Caution is also required when using other BCRP agents (including sulfasalazine, doxorubicin with methotrexate, daunorubicin, and topotecan) and OATP substrates, especially those that inhibit HMG-CoA reductase (including pravastatin with rifampicin, simvastatin and repaglinide with atorvastatin, and nateglinide). Patients should be monitored closely to detect signs of excessive exposure to the above-mentioned drugs and reduce their dose if necessary.

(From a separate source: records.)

(* Let $p\geq 2$ be an integer, $n=2^p-1$, and let $s$ be an integer with $s\geq 3\cdot 2^{p-2}$. Then there exists a perfect code in the graph $\Gamma_n(1^s)$.
   Context: The $n$-cube $Q_n$ is the graph whose vertex set is the set $\mathbb{B}_n$ of binary strings of length $n$, two strings being adjacent if they differ in exactly one position. For an integer $s\ge 1$, $\Gamma_n(1^s)$ is the subgraph of $Q_n$ induced by the binary strings of length $n$ that do not contain $1^s$ (the string of $s$ consecutive 1's) as a substring, where $\bm{f}$ is a substring of $\bm{s}$ if $\bm{s}=\bm{x}\bm{f}\bm{y}$ for some (possibly empty) strings $\bm{x},\bm{y}$. A perfect code in a graph $G$ is a set $C$ of vertices such that every vertex of $G$ lies in the closed neighbourhood $N[c]=\{v: d_G(c,v)\le 1\}$ of exactly one vertex $c\in C$ (equivalently, $C$ is a dominating set of $G$ and any two distinct elements of $C$ are at distance at least $3$ in $G$). *)

theory Defs
  imports Main
begin

text \<open>Binary strings are lists of booleans (True = 1, False = 0).\<close>

definition is_substring :: "bool list \<Rightarrow> bool list \<Rightarrow> bool" where
  "is_substring f w \<longleftrightarrow> (\<exists>x y. w = x @ f @ y)"

definition hamming :: "bool list \<Rightarrow> bool list \<Rightarrow> nat" where
  "hamming u v = card {i. i < length u \<and> u ! i \<noteq> v ! i}"

definition cube_adj :: "bool list \<Rightarrow> bool list \<Rightarrow> bool" where
  "cube_adj u v \<longleftrightarrow> length u = length v \<and> hamming u v = 1"

definition Gamma_vertices :: "nat \<Rightarrow> nat \<Rightarrow> bool list set" where
  "Gamma_vertices n s = {w. length w = n \<and> \<not> is_substring (replicate s True) w}"

definition closed_nbhd :: "'a set \<Rightarrow> ('a \<Rightarrow> 'a \<Rightarrow> bool) \<Rightarrow> 'a \<Rightarrow> 'a set" where
  "closed_nbhd V E c = {v \<in> V. v = c \<or> E c v}"

definition perfect_code :: "'a set \<Rightarrow> ('a \<Rightarrow> 'a \<Rightarrow> bool) \<Rightarrow> 'a set \<Rightarrow> bool" where
  "perfect_code V E C \<longleftrightarrow> C \<subseteq> V \<and>
     (\<forall>v \<in> V. \<exists>!c. c \<in> C \<and> v \<in> closed_nbhd V E c)"

end

theory Submission
  imports Defs
begin

text \<open>Let \<open>n = 2^p - 1\<close> and \<open>m = 2^(p-2)\<close>. The syndrome of a word, the XOR of the positions
  \<open>1..n\<close> carrying a 1, changes by XOR with \<open>j\<close> when position \<open>j\<close> is flipped; hence every coset
  \<open>{w. syndrome w = m}\<close> of the Hamming code is a perfect code in \<open>Q_n\<close>. The functional
  "bit \<open>p-1\<close> differs from bit \<open>p-2\<close>" is XOR-linear and is true exactly on the positions
  \<open>m..3m-1\<close>. A run of at least \<open>3m\<close> ones covers these \<open>2m\<close> positions, so such a word has a
  syndrome on which the functional is false, unlike \<open>m\<close>. Thus the coset for \<open>m\<close> lies inside
  \<open>\<Gamma>_n(1^s)\<close>, and a perfect code of a graph contained in an induced subgraph stays perfect there.\<close>

unbundle bit_operations_syntax

lemma perfect_code_induced_subgraph:
  assumes "perfect_code W E C" and "C \<subseteq> V" and "V \<subseteq> W"
  shows "perfect_code V E C"
  unfolding perfect_code_def
proof (intro conjI ballI)
  fix v assume "v \<in> V"
  with assms obtain c where c: "c \<in> C" "v \<in> closed_nbhd W E c"
    and uniq: "\<And>c'. c' \<in> C \<Longrightarrow> v \<in> closed_nbhd W E c' \<Longrightarrow> c' = c"
    unfolding perfect_code_def by blast
  have "v \<in> closed_nbhd V E c"
    using c(2) \<open>v \<in> V\<close> by (simp add: closed_nbhd_def)
  moreover have "closed_nbhd V E c' \<subseteq> closed_nbhd W E c'" for c'
    using assms(3) by (auto simp: closed_nbhd_def)
  ultimately show "\<exists>!c. c \<in> C \<and> v \<in> closed_nbhd V E c"
    using c(1) uniq by blast
qed (use assms in simp)

lemma cube_adj_iff_flip: "cube_adj u v \<longleftrightarrow> (\<exists>j<length u. v = u[j := \<not> u!j])"
proof
  assume "cube_adj u v"
  then have len: "length u = length v" and card: "card {i. i < length u \<and> u ! i \<noteq> v ! i} = 1"
    by (auto simp: cube_adj_def hamming_def)
  from card obtain j where j: "{i. i < length u \<and> u ! i \<noteq> v ! i} = {j}"
    by (rule card_1_singletonE)
  then have "j < length u" and flipped: "u!j \<noteq> v!j" by auto
  have "v = u[j := \<not> u!j]"
  proof (rule nth_equalityI)
    show "length v = length (u[j := \<not> u!j])" using len by simp
    fix i assume "i < length v"
    then show "v ! i = u[j := \<not> u!j] ! i"
      using j flipped len by (cases "i = j") (auto simp: set_eq_iff)
  qed
  with \<open>j < length u\<close> show "\<exists>j<length u. v = u[j := \<not> u!j]" by blast
next
  assume "\<exists>j<length u. v = u[j := \<not> u!j]"
  then obtain j where "j < length u" and v: "v = u[j := \<not> u!j]" by blast
  then have "{i. i < length u \<and> u ! i \<noteq> v ! i} = {j}"
    by (auto simp: nth_list_update)
  then show "cube_adj u v" using v by (simp add: cube_adj_def hamming_def)
qed

lemma xor_less_power2_nat: "(x::nat) < 2^p \<Longrightarrow> y < 2^p \<Longrightarrow> x XOR y < 2^p"
  by (metis take_bit_nat_eq_self_iff take_bit_xor)

lemma xor_right_cancel_nat: "(a::nat) XOR x = b XOR x \<longleftrightarrow> a = b"
proof
  assume "a XOR x = b XOR x"
  then have "(a XOR x) XOR x = (b XOR x) XOR x" by simp
  then show "a = b" by (simp add: xor.assoc)
qed simp

fun syndrome_from :: "nat \<Rightarrow> bool list \<Rightarrow> nat" where
  "syndrome_from k [] = 0"
| "syndrome_from k (b # w) = (if b then Suc k else 0) XOR syndrome_from (Suc k) w"

abbreviation syndrome :: "bool list \<Rightarrow> nat" where
  "syndrome \<equiv> syndrome_from 0"

lemma syndrome_from_flip:
  "j < length w \<Longrightarrow> syndrome_from k (w[j := \<not> w!j]) = Suc (k + j) XOR syndrome_from k w"
proof (induction w arbitrary: k j)
  case Nil
  then show ?case by simp
next
  case (Cons b w)
  show ?case
  proof (cases j)
    case 0
    then show ?thesis by (cases b) (simp_all add: xor.assoc[symmetric])
  next
    case (Suc j')
    with Cons show ?thesis by (simp add: xor.left_commute)
  qed
qed

lemma syndrome_from_less_power2: "k + length w < 2^p \<Longrightarrow> syndrome_from k w < 2^p"
proof (induction w arbitrary: k)
  case Nil
  then show ?case by simp
next
  case (Cons b w)
  then have "syndrome_from (Suc k) w < 2^p" and "(if b then Suc k else 0) < (2::nat)^p"
    by auto
  then show ?case by (simp add: xor_less_power2_nat del: of_bool_eq)
qed

lemma syndrome_from_parity:
  assumes "\<not> g 0" and g_xor: "\<And>x y. g (x XOR y) \<longleftrightarrow> g x \<noteq> g y"
  shows "g (syndrome_from k w) \<longleftrightarrow> odd (\<Sum>i<length w. of_bool (w!i \<and> g (Suc (k + i))) :: nat)"
proof (induction w arbitrary: k)
  case Nil
  then show ?case using assms(1) by simp
next
  case (Cons b w)
  then show ?case
    using assms(1) by (simp add: g_xor sum.lessThan_Suc_shift del: sum.lessThan_Suc)
qed

lemma syndrome_of_cube_adj:
  assumes "cube_adj c v"
  obtains j where "c = v[j := \<not> v!j]" and "syndrome c = Suc j XOR syndrome v"
proof -
  from assms obtain j where "j < length c" and "v = c[j := \<not> c!j]"
    by (auto simp: cube_adj_iff_flip)
  then have "j < length v" and "c = v[j := \<not> v!j]" by simp_all
  with syndrome_from_flip[of j v 0] that show thesis by simp
qed

lemma syndrome_ne_of_cube_adj: "cube_adj c v \<Longrightarrow> syndrome c \<noteq> syndrome v"
  by (metis syndrome_of_cube_adj xor_right_cancel_nat[of _ _ 0] xor.left_neutral nat.distinct(1))

lemma syndromes_eq_imp_eq_in_closed_nbhd:
  assumes c: "v = c \<or> cube_adj c v" and c': "v = c' \<or> cube_adj c' v"
    and eq: "syndrome c = syndrome c'"
  shows "c = c'"
proof (cases "v = c \<or> v = c'")
  case True
  then show ?thesis using c c' eq syndrome_ne_of_cube_adj by metis
next
  case False
  with c c' have "cube_adj c v" and "cube_adj c' v" by auto
  then obtain j j' where "c = v[j := \<not> v!j]" "syndrome c = Suc j XOR syndrome v"
    and "c' = v[j' := \<not> v!j']" "syndrome c' = Suc j' XOR syndrome v"
    by (metis syndrome_of_cube_adj)
  with eq show ?thesis by (simp add: xor_right_cancel_nat)
qed

lemma exists_syndrome_in_closed_nbhd:
  assumes "length v = 2^p - 1" and "m < 2^p"
  obtains c where "syndrome c = m" and "v = c \<or> cube_adj c v"
proof (cases "syndrome v = m")
  case True
  then show ?thesis using that by blast
next
  case False
  define j where "j = (syndrome v XOR m) - 1"
  have "syndrome v < 2^p"
    using assms(1) by (intro syndrome_from_less_power2) simp
  then have "syndrome v XOR m < 2^p"
    using assms(2) by (rule xor_less_power2_nat)
  moreover have "syndrome v XOR m \<noteq> 0"
    using False xor_right_cancel_nat[of "syndrome v" m m] by simp
  ultimately have j: "j < length v" and sj: "Suc j = syndrome v XOR m"
    using assms(1) by (auto simp: j_def)
  have "syndrome (v[j := \<not> v!j]) = m"
    using syndrome_from_flip[OF j, of 0] sj by (simp add: xor.commute[of "syndrome v" m] xor.assoc)
  moreover have "cube_adj (v[j := \<not> v!j]) v"
    using j by (auto simp: cube_adj_iff_flip)
  ultimately show ?thesis using that by blast
qed

theorem hamming_coset_perfect_code:
  assumes "m < 2^p"
  shows "perfect_code {w. length w = 2^p - 1} cube_adj {w. length w = 2^p - 1 \<and> syndrome w = m}"
    (is "perfect_code ?W cube_adj ?C")
proof -
  have "\<exists>!c. c \<in> ?C \<and> v \<in> closed_nbhd ?W cube_adj c" if "v \<in> ?W" for v
  proof -
    from that have lv: "length v = 2^p - 1" by simp
    obtain c where c: "syndrome c = m" "v = c \<or> cube_adj c v"
      using exists_syndrome_in_closed_nbhd[OF lv assms] .
    have "length c = 2^p - 1"
      using c(2) lv unfolding cube_adj_def by auto
    with c lv have "c \<in> ?C \<and> v \<in> closed_nbhd ?W cube_adj c"
      by (simp add: closed_nbhd_def)
    moreover have "c' = c" if "c' \<in> ?C \<and> v \<in> closed_nbhd ?W cube_adj c'" for c'
    proof -
      from that have "v = c' \<or> cube_adj c' v" and "syndrome c' = m"
        by (auto simp: closed_nbhd_def)
      with c show "c' = c" by (metis syndromes_eq_imp_eq_in_closed_nbhd)
    qed
    ultimately show ?thesis by blast
  qed
  moreover have "?C \<subseteq> ?W" by blast
  ultimately show ?thesis
    unfolding perfect_code_def by blast
qed

lemma bit_Suc_ne_bit_iff:
  assumes "(x::nat) < 4 * 2^k"
  shows "bit x (Suc k) \<noteq> bit x k \<longleftrightarrow> 2^k \<le> x \<and> x < 3 * 2^k"
proof -
  define q where "q = x div 2^k"
  have "q < 4"
    using assms by (simp add: q_def div_less_iff_less_mult)
  then have "q = 0 \<or> q = 1 \<or> q = 2 \<or> q = 3" by auto
  moreover have "bit x (Suc k) = odd (q div 2)" and "bit x k = odd q"
    unfolding bit_nat_def q_def by (metis div_mult2_eq power_Suc2) simp
  moreover have "2^k \<le> x \<and> x < 3 * 2^k \<longleftrightarrow> 1 \<le> q \<and> q < 3"
    by (simp add: q_def div_less_iff_less_mult less_eq_div_iff_mult_less_eq)
  ultimately show ?thesis by auto
qed

lemma syndrome_ne_of_long_run:
  assumes len: "length w = 4 * 2^k - 1" and s: "3 * 2^k \<le> s"
    and run: "is_substring (replicate s True) w"
  shows "syndrome w \<noteq> 2^k"
proof
  define m :: nat where "m = 2^k"
  define g where "g x \<longleftrightarrow> bit x (Suc k) \<noteq> bit x k" for x :: nat
  have g_iff: "g x \<longleftrightarrow> m \<le> x \<and> x < 3 * m" if "x < 4 * m" for x
    using bit_Suc_ne_bit_iff[of x k] that by (simp add: g_def m_def)
  have g_zero: "\<not> g 0" and g_xor: "g (x XOR y) \<longleftrightarrow> g x \<noteq> g y" for x y
    by (auto simp: g_def bit_xor_iff)
  from run obtain u u' where w: "w = u @ replicate s True @ u'"
    by (auto simp: is_substring_def)
  have ones: "w ! i" if "m - 1 \<le> i" "i < 3 * m - 1" for i
  proof -
    have "length u \<le> i" and "i - length u < s"
      using len w s that by (auto simp: m_def)
    then show ?thesis using w by (simp add: nth_append)
  qed
  have "(\<Sum>i<length w. of_bool (w!i \<and> g (Suc (0 + i))) :: nat)
      = (\<Sum>i<length w. of_bool (i \<in> {m - 1..<3 * m - 1}))"
  proof (rule sum.cong)
    fix i assume "i \<in> {..<length w}"
    then have "Suc i < 4 * m" using len by (simp add: m_def)
    then show "of_bool (w!i \<and> g (Suc (0 + i))) = (of_bool (i \<in> {m - 1..<3 * m - 1}) :: nat)"
      using g_iff ones by (auto simp: m_def)
  qed simp
  also have "\<dots> = card ({..<length w} \<inter> {m - 1..<3 * m - 1})"
    by (simp only: sum_of_bool_eq finite_lessThan Collect_mem_eq of_nat_id)
  also have "{..<length w} \<inter> {m - 1..<3 * m - 1} = {m - 1..<3 * m - 1}"
    using len by (auto simp: m_def)
  also have "card {m - 1..<3 * m - 1} = 2 * m"
    by (simp add: m_def)
  finally have "\<not> g (syndrome w)"
    using syndrome_from_parity[of g, OF g_zero g_xor] by simp
  moreover assume "syndrome w = 2^k"
  moreover have "g m"
    using g_iff by (simp add: m_def)
  ultimately show False by (simp add: m_def)
qed

theorem corollary3:
  fixes p s :: nat
  assumes "p \<ge> 2"
    and "s \<ge> 3 * 2 ^ (p - 2)"
  shows "\<exists>C. perfect_code (Gamma_vertices (2 ^ p - 1) s) cube_adj C"
proof -
  define k where "k = p - 2"
  have "p = Suc (Suc k)"
    using assms(1) by (simp add: k_def)
  then have p: "2 ^ p - 1 = 4 * 2 ^ k - (1::nat)"
    by simp
  let ?C = "{w. length w = 2^p - 1 \<and> syndrome w = 2^k}"
  have "perfect_code {w. length w = 2^p - 1} cube_adj ?C"
    by (rule hamming_coset_perfect_code) (use assms(1) in \<open>simp add: k_def\<close>)
  moreover have "?C \<subseteq> Gamma_vertices (2 ^ p - 1) s"
    using syndrome_ne_of_long_run[of _ k s] assms(2) p
    by (auto simp: Gamma_vertices_def k_def)
  moreover have "Gamma_vertices (2 ^ p - 1) s \<subseteq> {w. length w = 2^p - 1}"
    by (auto simp: Gamma_vertices_def)
  ultimately show ?thesis
    by (blast intro: perfect_code_induced_subgraph)
qed

end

Effects on oral contraception (ethinyl estradiol 0.03 mg and levonorgestrel 0.15 mg).

An increase in the mean Cmax values, as well as AUC, is observed for ethinyl estradiol (by 1.58 and 1.54 times) and levonorgestrel (by 1.33 and 1.41 times) with repeated use of element A771726. Although no negative impact on contraceptive efficacy was detected, the type of OC used should be taken into account.

Effect relative to warfarin.

A 25% decrease in peak INR values was observed when A771726 was used in combination with warfarin (compared to warfarin alone). Therefore, careful monitoring of INR levels is required with these combinations.

Storage conditions

Leflutab should be stored out of the reach of small children in a tightly closed container to prevent moisture from entering.

Shelf life

Leflutab can be used within a 30-month period from the date of manufacture of the therapeutic product.

Analogues

The analogue of the drug is the drug Arava.